**WHAT YOU WILL DO:** In the records that follow, the lines from the one containing "w = neg_one" to the one containing "using P[of p]", inclusive, are to be given again exactly.

**DATA:**
(* Let $F_1,\dots,F_n:\mathbb{R}^d\to\mathbb{R}^d$ with each $F_i$ being $L_i$-Lipschitz, let $F=\frac1n\sum_{i=1}^nF_i$, and let $x^*$ satisfy $F(x^* )=0$. Let $v\in\mathbb{R}^n_+$ be a sampling vector (random, $\mathbb{E}[v_i]=1$ for all $i$) and $g(x)=F_v(x):=\frac1n\sum_{i=1}^n v_iF_i(x)$. Then the Expected Residual condition holds, i.e. there is $\delta$ with $$\mathbb{E}\big\|(g(x)-g(x^* ))-(F(x)-F(x^* ))\big\|^2\le\frac{\delta}{2}\|x-x^*\|^2\quad\forall x\in\mathbb{R}^d.$$ If, in addition, $n\ge 2$ and $v$ is a $\tau$-minibatch sampling for some $\tau\in\{1,\dots,n\}$, then this holds with $$\delta=\frac{2}{n\tau}\,\frac{n-\tau}{n-1}\sum_{i=1}^nL_i^2,\qquad\text{and}\qquad \sigma_*^2:=\mathbb{E}\|g(x^* )\|^2=\frac{1}{n\tau}\,\frac{n-\tau}{n-1}\sum_{i=1}^n\|F_i(x^* )\|^2 .$$
   Context: A $\tau$-minibatch sampling is the random vector $v\in\mathbb{R}^n$ such that for every subset $S\subseteq\{1,\dots,n\}$ with $|S|=\tau$, $\Pr\big[v=\frac{n}{\tau}\sum_{i\in S}e_i\big]=1/\binom{n}{\tau}$ (it satisfies $\mathbb{E}[v_i]=1$). $L_i$-Lipschitz means $\|F_i(x)-F_i(y)\|\le L_i\|x-y\|$ for all $x,y$. For general sampling vectors $v$ the first claim is meant for $v$ with finite second moments $\mathbb{E}[v_i^2]<\infty$. *)

theory Defs
  imports "HOL-Probability.Probability"
begin

text \<open>Indices are 0,...,n-1 (i.e. i < n) instead of 1,...,n.\<close>

definition Fmean :: "nat \<Rightarrow> (nat \<Rightarrow> real ^ 'd \<Rightarrow> real ^ 'd) \<Rightarrow> real ^ 'd \<Rightarrow> real ^ 'd" where
  "Fmean n Fs x = (1 / real n) *\<^sub>R (\<Sum>i<n. Fs i x)"

definition Fsamp :: "nat \<Rightarrow> (nat \<Rightarrow> real ^ 'd \<Rightarrow> real ^ 'd) \<Rightarrow> (nat \<Rightarrow> real) \<Rightarrow> real ^ 'd \<Rightarrow> real ^ 'd" where
  "Fsamp n Fs v x = (1 / real n) *\<^sub>R (\<Sum>i<n. v i *\<^sub>R Fs i x)"

definition sampling_vector :: "'w measure \<Rightarrow> nat \<Rightarrow> ('w \<Rightarrow> nat \<Rightarrow> real) \<Rightarrow> bool" where
  "sampling_vector M n v \<longleftrightarrow>
     (\<forall>i<n. (\<lambda>\<omega>. v \<omega> i) \<in> borel_measurable M
          \<and> (\<forall>\<omega>\<in>space M. v \<omega> i \<ge> 0)
          \<and> integrable M (\<lambda>\<omega>. v \<omega> i)
          \<and> integral\<^sup>L M (\<lambda>\<omega>. v \<omega> i) = 1
          \<and> integrable M (\<lambda>\<omega>. (v \<omega> i)\<^sup>2))"

definition minibatch_sampling :: "'w measure \<Rightarrow> nat \<Rightarrow> nat \<Rightarrow> ('w \<Rightarrow> nat \<Rightarrow> real) \<Rightarrow> bool" where
  "minibatch_sampling M n \<tau> v \<longleftrightarrow>
     (\<forall>i<n. (\<lambda>\<omega>. v \<omega> i) \<in> borel_measurable M)
     \<and> (\<forall>S. S \<subseteq> {..<n} \<and> card S = \<tau> \<longrightarrow>
          {\<omega> \<in> space M. \<forall>i<n. v \<omega> i = (if i \<in> S then real n / real \<tau> else 0)} \<in> sets M
        \<and> measure M {\<omega> \<in> space M. \<forall>i<n. v \<omega> i = (if i \<in> S then real n / real \<tau> else 0)}
            = 1 / real (n choose \<tau>))"

end

theory Submission
  imports Defs
begin
(* Let $a\ge3$ and let $H\in\mathfrak{H}$ (notation in context). Then \[ \{n\in\mathbb{N}:\ \text{every prime } q \text{ dividing } n \text{ satisfies } q\bmod a\in H\}\subseteq\mathcal{E}^*_a. \]
   Context: Let $a\ge3$ have canonical factorization $a=2^{\gamma_0}p_1^{\gamma_1}\cdots p_k^{\gamma_k}$ ($p_i$ distinct odd primes). Let $G=(\mathbb{Z}/a\mathbb{Z})^*$, identified by the Chinese remainder theorem with $G_0\times G_1\times\cdots\times G_k$, where $G_0=(\mathbb{Z}/2^{\gamma_0}\mathbb{Z})^*$ and $G_i=(\mathbb{Z}/p_i^{\gamma_i}\mathbb{Z})^*$. For $1\le i\le k$ let $H_i$ be the unique maximal subgroup of the cyclic group $G_i$ not containing $-1$ (its subgroup of odd order); its index is $2^{m_i}$ where $2^{m_i}\|p_i-1$. Let $H_0=G_0$ (trivial) if $\gamma_0\le1$; if $\gamma_0\ge2$, $H_0$ denotes any subgroup of $G_0$ of index $2$ not containing $-1\bmod 2^{\gamma_0}$. Let $\delta=0$ if $\gamma_0\le1$ and $\delta=2$ if $\gamma_0\ge2$, and define $m\ge1$ by $2^m\|\gcd(\delta,p_1-1,\dots,p_k-1)$. Let $\mathfrak{H}$ be the set of subgroups of $G$ of the form $G_0\times\cdots\times G_{i-1}\times H_i\times G_{i+1}\times\cdots\times G_k$ ($0\le i\le k$, any allowed choice of $H_0$ when $i=0$) with index $[G:H]=2^m$. For a positive integer $n$, $R(n;a)$ is the number of pairs $(x,y)$ of positive integers with $\frac an=\frac1x+\frac1y$, and $\mathcal{E}^*_a=\{n\in\mathbb{N}:R(n;a)=0,\ \gcd(n,a)=1\}$. *)

theory Defs
  imports "HOL-Number_Theory.Number_Theory" "HOL-Algebra.Coset"
begin

text \<open>The unit group of Z/qZ, as the units of the residue ring (carrier = reduced residues in 0..q-1).\<close>
definition unitgrp :: "nat \<Rightarrow> int monoid" where
  "unitgrp q = units_of (residue_ring (int q))"

definition neg_one :: "nat \<Rightarrow> int" where
  "neg_one q = int q - 1"

text \<open>Pull back a subgroup S of (Z/qZ)^* (q the exact prime-power part of a) to (Z/aZ)^*;
  via CRT this is G_0 x ... x S x ... x G_k.\<close>
definition lift_sub :: "nat \<Rightarrow> nat \<Rightarrow> int set \<Rightarrow> int set" where
  "lift_sub a q S = {x \<in> carrier (unitgrp a). x mod int q \<in> S}"

definition delta :: "nat \<Rightarrow> nat" where
  "delta a = (if multiplicity (2::nat) a \<ge> 2 then 2 else 0)"

definition mexp :: "nat \<Rightarrow> nat" where
  "mexp a = multiplicity (2::nat)
     (Gcd (insert (delta a) {p - 1 | p. prime p \<and> p dvd a \<and> odd p}))"

definition frakH :: "nat \<Rightarrow> int set set" where
  "frakH a = {H.
     ((\<exists>p S. prime p \<and> odd p \<and> p dvd a \<and>
         (let q = p ^ multiplicity p a in
            subgroup S (unitgrp q) \<and> neg_one q \<notin> S \<and>
            (\<forall>T. subgroup T (unitgrp q) \<and> neg_one q \<notin> T \<and> S \<subseteq> T \<longrightarrow> T = S) \<and>
            H = lift_sub a q S))
      \<or> (multiplicity (2::nat) a \<le> 1 \<and> H = carrier (unitgrp a))
      \<or> (\<exists>S. multiplicity (2::nat) a \<ge> 2 \<and>
         (let q = 2 ^ multiplicity (2::nat) a in
            subgroup S (unitgrp q) \<and> card (rcosets\<^bsub>unitgrp q\<^esub> S) = 2 \<and>
            neg_one q \<notin> S \<and> H = lift_sub a q S)))
     \<and> card (rcosets\<^bsub>unitgrp a\<^esub> H) = 2 ^ mexp a}"

definition R :: "nat \<Rightarrow> nat \<Rightarrow> nat" where
  "R n a = card {(x, y). x > 0 \<and> y > 0 \<and>
     (of_nat a / of_nat n :: rat) = 1 / of_nat x + 1 / of_nat y}"

definition Estar :: "nat \<Rightarrow> nat set" where
  "Estar a = {n. n > 0 \<and> R n a = 0 \<and> gcd n a = 1}"

end

theory Submission imports Defs begin

(* If a/n = 1/x + 1/y with gcd(n, a) = 1, clearing denominators yields two divisors u, v of n
   with a | u + v. Every H in frakH a is the preimage of a subgroup S of (Z/qZ)^* avoiding -1,
   for some prime-power part q of a. If all prime factors of n lie in H, then every divisor of n
   reduces mod q into S, so u = -v (mod q) would put -1 = u v^-1 into S. *)

lemma residues_int_of_nat: "1 < q \<Longrightarrow> residues (int q)"
  by unfold_locales simp

lemma carrier_unitgrp:
  "1 < q \<Longrightarrow> carrier (unitgrp q) = {x. 0 < x \<and> x < int q \<and> coprime x (int q)}"
  unfolding unitgrp_def units_of_carrier by (simp add: residues.res_units_eq residues_int_of_nat)

lemma unitgrp_mult: "1 < q \<Longrightarrow> x \<otimes>\<^bsub>unitgrp q\<^esub> y = (x * y) mod int q"
  unfolding unitgrp_def units_of_mult by (simp add: residues.res_mult_eq residues_int_of_nat)

lemma unitgrp_one: "1 < q \<Longrightarrow> \<one>\<^bsub>unitgrp q\<^esub> = 1"
  unfolding unitgrp_def units_of_one by (simp add: residues.res_one_eq residues_int_of_nat)

lemma group_unitgrp:
  assumes "1 < q" shows "group (unitgrp q)"
proof -
  interpret residues "int q" "residue_ring (int q)"
    using assms by (rule residues_int_of_nat)
  show ?thesis unfolding unitgrp_def by (rule units_group)
qed

lemma mod_mem_subgroup_if_prime_divisors_mod_mem:
  assumes q: "1 < q" and S: "subgroup S (unitgrp q)"
    and "d > 0" and "\<And>p. prime p \<Longrightarrow> p dvd d \<Longrightarrow> int (p mod q) \<in> S"
  shows "int (d mod q) \<in> S"
  using assms(3,4)
proof (induction d rule: prime_divisors_induct)
  case (unit d)
  then show ?case using subgroup.one_closed[OF S] q by (simp add: unitgrp_one)
next
  case (factor p d)
  then have "int (p mod q) \<otimes>\<^bsub>unitgrp q\<^esub> int (d mod q) \<in> S"
    by (intro subgroup.m_closed[OF S]) auto
  then show ?case using q by (simp add: unitgrp_mult mod_mult_eq flip: of_nat_mult of_nat_mod)
qed simp

lemma neg_one_mem_if_dvd_sum:
  assumes q: "1 < q" and S: "subgroup S (unitgrp q)"
    and s: "s \<in> S" and t: "t \<in> S" and dvd: "int q dvd s + t"
  shows "neg_one q \<in> S"
proof -
  interpret group "unitgrp q" using q by (rule group_unitgrp)
  define w where "w = inv\<^bsub>unitgrp q\<^esub> t"
  have "t \<in> carrier (unitgrp q)" using subgroup.subset[OF S] t by blast
  then have tw: "(t * w) mod int q = 1"
    using q r_inv unfolding w_def by (simp add: unitgrp_mult unitgrp_one)
  have "[s = - t] (mod int q)" using dvd by (simp add: cong_iff_dvd_diff)
  then have "[s * w = - t * w] (mod int q)" by (rule cong_scalar_right)
  then have "[s * w = - (t * w)] (mod int q)" by simp
  moreover have "[t * w = 1] (mod int q)" using tw q by (simp add: cong_def)
  then have "[- (t * w) = - 1] (mod int q)" by (simp only: cong_minus_minus_iff)
  ultimately have "(s * w) mod int q = (- 1) mod int q" by (simp add: cong_def)
  then have "s \<otimes>\<^bsub>unitgrp q\<^esub> w = neg_one q"
    using q by (simp add: unitgrp_mult neg_one_def zmod_minus1)
  moreover have "s \<otimes>\<^bsub>unitgrp q\<^esub> w \<in> S"
    unfolding w_def using subgroup.m_closed[OF S s subgroup.m_inv_closed[OF S t]] .
  ultimately show ?thesis by simp
qed

lemma coprime_if_prime_divisors_mod_units:
  assumes a: "1 < a" and P: "\<And>p. prime p \<Longrightarrow> p dvd n \<Longrightarrow> int (p mod a) \<in> carrier (unitgrp a)"
  shows "coprime n a"
proof (rule ccontr)
  assume "\<not> coprime n a"
  then obtain p where p: "prime p" "p dvd gcd n a"
    using prime_factor_nat by (metis coprime_iff_gcd_eq_1)
  then have "coprime (int (p mod a)) (int a)"
    using P[of p] a by (simp add: carrier_unitgrp)
  then have "coprime p a" using a by (simp flip: of_nat_mod)
  moreover have "p dvd a" using p(2) by (rule dvd_trans[OF _ gcd_dvd2])
  ultimately have "is_unit p" by (rule coprime_common_divisor[OF _ dvd_refl])
  then show False using p(1) by simp
qed

lemma unit_fraction_eq_divisorsE:
  fixes a n x y :: nat
  assumes eq: "a * x * y = n * (x + y)" and x: "x > 0" and y: "y > 0" and cop: "coprime n a"
  obtains u v where "u dvd n" "v dvd n" "a dvd u + v"
proof -
  define g where "g = gcd x y"
  have g: "g > 0" unfolding g_def using x by simp
  \<comment> \<open>With x = u g, y = v g and u, v coprime, u v divides n; writing n = u v t, a g = t (u + v).\<close>
  then obtain u v where uv: "x = u * g" "y = v * g" "coprime u v"
    using gcd_coprime_exists[of x y] unfolding g_def by blast
  have "g * (a * g * u * v) = g * (n * (u + v))"
    using eq unfolding uv by (simp add: algebra_simps)
  then have eq': "a * g * u * v = n * (u + v)" using g by simp
  have "coprime u (u + v)" "coprime (u + v) v"
    using uv(3) by (simp_all only: coprime_iff_gcd_eq_1 gcd_add1 gcd_add2)
  then have "coprime (u * v) (u + v)" by (simp add: ac_simps)
  moreover have "u * v dvd n * (u + v)" unfolding eq'[symmetric] by (simp add: ac_simps)
  ultimately have "u * v dvd n" by (simp add: coprime_dvd_mult_left_iff)
  then obtain t where t: "n = u * v * t" by (elim dvdE)
  have "u * v * (a * g) = u * v * (t * (u + v))" using eq' unfolding t by (simp add: algebra_simps)
  moreover have "u * v > 0" using x y uv by auto
  ultimately have "a * g = t * (u + v)" by simp
  moreover have "coprime a t" using cop unfolding t by (simp add: coprime_commute)
  ultimately have "a dvd u + v" by (metis coprime_dvd_mult_right_iff dvd_triv_left)
  moreover have "u dvd n" "v dvd n" using t by auto
  ultimately show thesis using that by blast
qed

lemma R_eq_0_if_no_divisor_pair:
  assumes n: "n > 0" and cop: "coprime n a"
    and no_pair: "\<And>u v. u dvd n \<Longrightarrow> v dvd n \<Longrightarrow> \<not> a dvd u + v"
  shows "R n a = 0"
proof -
  have "\<not> (of_nat a / of_nat n :: rat) = 1 / of_nat x + 1 / of_nat y"
    if x: "x > 0" and y: "y > 0" for x y
  proof
    assume "(of_nat a / of_nat n :: rat) = 1 / of_nat x + 1 / of_nat y"
    then have "(of_nat (a * x * y) :: rat) = of_nat (n * (x + y))"
      using n x y by (simp add: field_simps)
    then have "a * x * y = n * (x + y)" by (simp only: of_nat_eq_iff)
    then show False using unit_fraction_eq_divisorsE x y cop no_pair by metis
  qed
  then have "{(x, y). x > 0 \<and> y > 0 \<and>
      (of_nat a / of_nat n :: rat) = 1 / of_nat x + 1 / of_nat y} = {}" by blast
  then show ?thesis unfolding R_def by (simp only: card.empty)
qed

lemma R_eq_0_if_prime_divisors_mod_mem:
  assumes q: "1 < q" "q dvd a" and S: "subgroup S (unitgrp q)" "neg_one q \<notin> S"
    and n: "n > 0" "coprime n a"
    and P: "\<And>p. prime p \<Longrightarrow> p dvd n \<Longrightarrow> int (p mod q) \<in> S"
  shows "R n a = 0"
proof (rule R_eq_0_if_no_divisor_pair[OF n])
  have divisor_mod: "int (d mod q) \<in> S" if d: "d dvd n" for d
  proof (rule mod_mem_subgroup_if_prime_divisors_mod_mem[OF q(1) S(1)])
    show "d > 0" using n(1) d by (rule dvd_pos_nat)
    show "int (p mod q) \<in> S" if "prime p" "p dvd d" for p
      using P[OF \<open>prime p\<close> dvd_trans[OF \<open>p dvd d\<close> d]] .
  qed
  fix u v assume u: "u dvd n" and v: "v dvd n"
  show "\<not> a dvd u + v"
  proof
    assume "a dvd u + v"
    with q(2) have "q dvd u + v" by (rule dvd_trans)
    then have "q dvd u mod q + v mod q" by (simp add: dvd_eq_mod_eq_0 mod_add_eq)
    then have "int q dvd int (u mod q) + int (v mod q)" by (metis of_nat_add of_nat_dvd_iff)
    then have "neg_one q \<in> S"
      by (rule neg_one_mem_if_dvd_sum[OF q(1) S(1) divisor_mod[OF u] divisor_mod[OF v]])
    with S(2) show False by contradiction
  qed
qed

lemma odd_prime_divisorE:
  fixes a :: nat
  assumes "3 \<le> a" and "multiplicity 2 a \<le> 1"
  obtains p where "prime p" "odd p" "p dvd a"
proof -
  obtain y where y: "a = 2 ^ multiplicity 2 a * y" "odd y"
    using multiplicity_decompose'[of a 2] assms(1) by auto
  have "2 ^ multiplicity 2 a \<le> (2::nat)"
    using assms(2) power_increasing[of _ 1 "2::nat"] by simp
  then have "y \<noteq> 1" using y(1) assms(1) by auto
  then obtain p where "prime p" "p dvd y" using prime_factor_nat by blast
  moreover have "p dvd a" by (subst y(1)) (rule dvd_mult[OF \<open>p dvd y\<close>])
  moreover have "odd p" using \<open>p dvd y\<close> y(2) dvd_trans by blast
  ultimately show thesis using that by blast
qed

lemma mexp_pos_if_multiplicity_2_le_1:
  assumes "3 \<le> a" and "multiplicity 2 a \<le> 1"
  shows "0 < mexp a"
proof -
  define X where "X = insert (delta a) {p - 1 | p. prime p \<and> p dvd a \<and> odd p}"
  obtain p where p: "prime p" "odd p" "p dvd a"
    using odd_prime_divisorE[OF assms] .
  then have "p - 1 \<in> X" "p - 1 \<noteq> 0" unfolding X_def using prime_gt_1_nat[of p] by auto
  then have "Gcd X \<noteq> 0" by (metis Gcd_dvd dvd_0_left)
  moreover have "2 dvd Gcd X"
    using assms(2) prime_gt_1_nat by (intro Gcd_greatest) (auto simp: X_def delta_def odd_pos)
  ultimately show ?thesis unfolding mexp_def X_def by (simp add: prime_multiplicity_gt_zero_iff)
qed

lemma rcosets_carrier_unitgrp:
  assumes "1 < a" shows "rcosets\<^bsub>unitgrp a\<^esub> (carrier (unitgrp a)) = {carrier (unitgrp a)}"
proof -
  interpret group "unitgrp a" using assms by (rule group_unitgrp)
  show ?thesis
    unfolding RCOSETS_def using subgroup.rcos_const[OF subgroup_self is_group] by auto
qed

lemma frakH_lift_subE:
  assumes a: "3 \<le> a" and H: "H \<in> frakH a"
  obtains q S where "1 < q" "q dvd a" "subgroup S (unitgrp q)" "neg_one q \<notin> S" "H = lift_sub a q S"
proof -
  \<comment> \<open>The index condition rules out the trivial member H = G, because m is positive.\<close>
  have not_trivial: "H \<noteq> carrier (unitgrp a)" if "multiplicity 2 a \<le> 1"
  proof
    assume "H = carrier (unitgrp a)"
    then have "2 ^ mexp a = (1::nat)" using H a by (simp add: frakH_def rcosets_carrier_unitgrp)
    then have "mexp a = 0" by (cases "mexp a") auto
    then show False using mexp_pos_if_multiplicity_2_le_1[OF a that] by simp
  qed
  have two_dvd: "2 dvd a" if "2 \<le> multiplicity 2 a"
    using that not_dvd_imp_multiplicity_0[of 2 a] by auto
  obtain p S where p: "prime p" "p dvd a"
    and S: "subgroup S (unitgrp (p ^ multiplicity p a))" "neg_one (p ^ multiplicity p a) \<notin> S"
      "H = lift_sub a (p ^ multiplicity p a) S"
    using H a not_trivial two_dvd unfolding frakH_def Let_def
    by (elim CollectE conjE disjE exE) (blast intro: two_is_prime_nat)+
  moreover have "1 < p ^ multiplicity p a"
    using p a prime_multiplicity_gt_zero_iff[of p a] one_less_power[OF prime_gt_1_nat[OF p(1)]]
    by simp
  ultimately show thesis using that multiplicity_dvd by blast
qed

theorem lemma2p7:
  fixes a :: nat and H :: "int set"
  assumes "a \<ge> 3" and "H \<in> frakH a"
  shows "{n::nat. n > 0 \<and> (\<forall>q::nat. prime q \<and> q dvd n \<longrightarrow> int (q mod a) \<in> H)} \<subseteq> Estar a"
proof
  obtain q S where q: "1 < q" "q dvd a"
    and S: "subgroup S (unitgrp q)" "neg_one q \<notin> S" and H: "H = lift_sub a q S"
    using frakH_lift_subE[OF assms] .
  fix n assume "n \<in> {n::nat. n > 0 \<and> (\<forall>q::nat. prime q \<and> q dvd n \<longrightarrow> int (q mod a) \<in> H)}"
  then have n: "n > 0" and P: "\<And>p. prime p \<Longrightarrow> p dvd n \<Longrightarrow> int (p mod a) \<in> H" by auto
  have cop: "coprime n a"
    using assms(1) P unfolding H lift_sub_def by (intro coprime_if_prime_divisors_mod_units) auto
  have "int (p mod q) \<in> S" if "prime p" "p dvd n" for p
  proof -
    have "int (p mod a) mod int q \<in> S" using P[OF that] unfolding H lift_sub_def by simp
    also have "int (p mod a) mod int q = int (p mod q)"
      by (simp only: mod_mod_cancel[OF q(2)] flip: of_nat_mod)
    finally show ?thesis .
  qed
  then have "R n a = 0" by (rule R_eq_0_if_prime_divisors_mod_mem[OF q S n cop])
  with n cop show "n \<in> Estar a" unfolding Estar_def coprime_iff_gcd_eq_1 by blast
qed

end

**REPLY TO THE EXERCISE:**
  then have "s \<otimes>\<^bsub>unitgrp q\<^esub> w = neg_one q"
    using q by (simp add: unitgrp_mult neg_one_def zmod_minus1)
  moreover have "s \<otimes>\<^bsub>unitgrp q\<^esub> w \<in> S"
    unfolding w_def using subgroup.m_closed[OF S s subgroup.m_inv_closed[OF S t]] .
  ultimately show ?thesis by simp
qed

lemma coprime_if_prime_divisors_mod_units:
  assumes a: "1 < a" and P: "\<And>p. prime p \<Longrightarrow> p dvd n \<Longrightarrow> int (p mod a) \<in> carrier (unitgrp a)"
  shows "coprime n a"
proof (rule ccontr)
  assume "\<not> coprime n a"
  then obtain p where p: "prime p" "p dvd gcd n a"
    using prime_factor_nat by (metis coprime_iff_gcd_eq_1)
  then have "coprime (int (p mod a)) (int a)"
    using P[of p] a by (simp add: carrier_unitgrp)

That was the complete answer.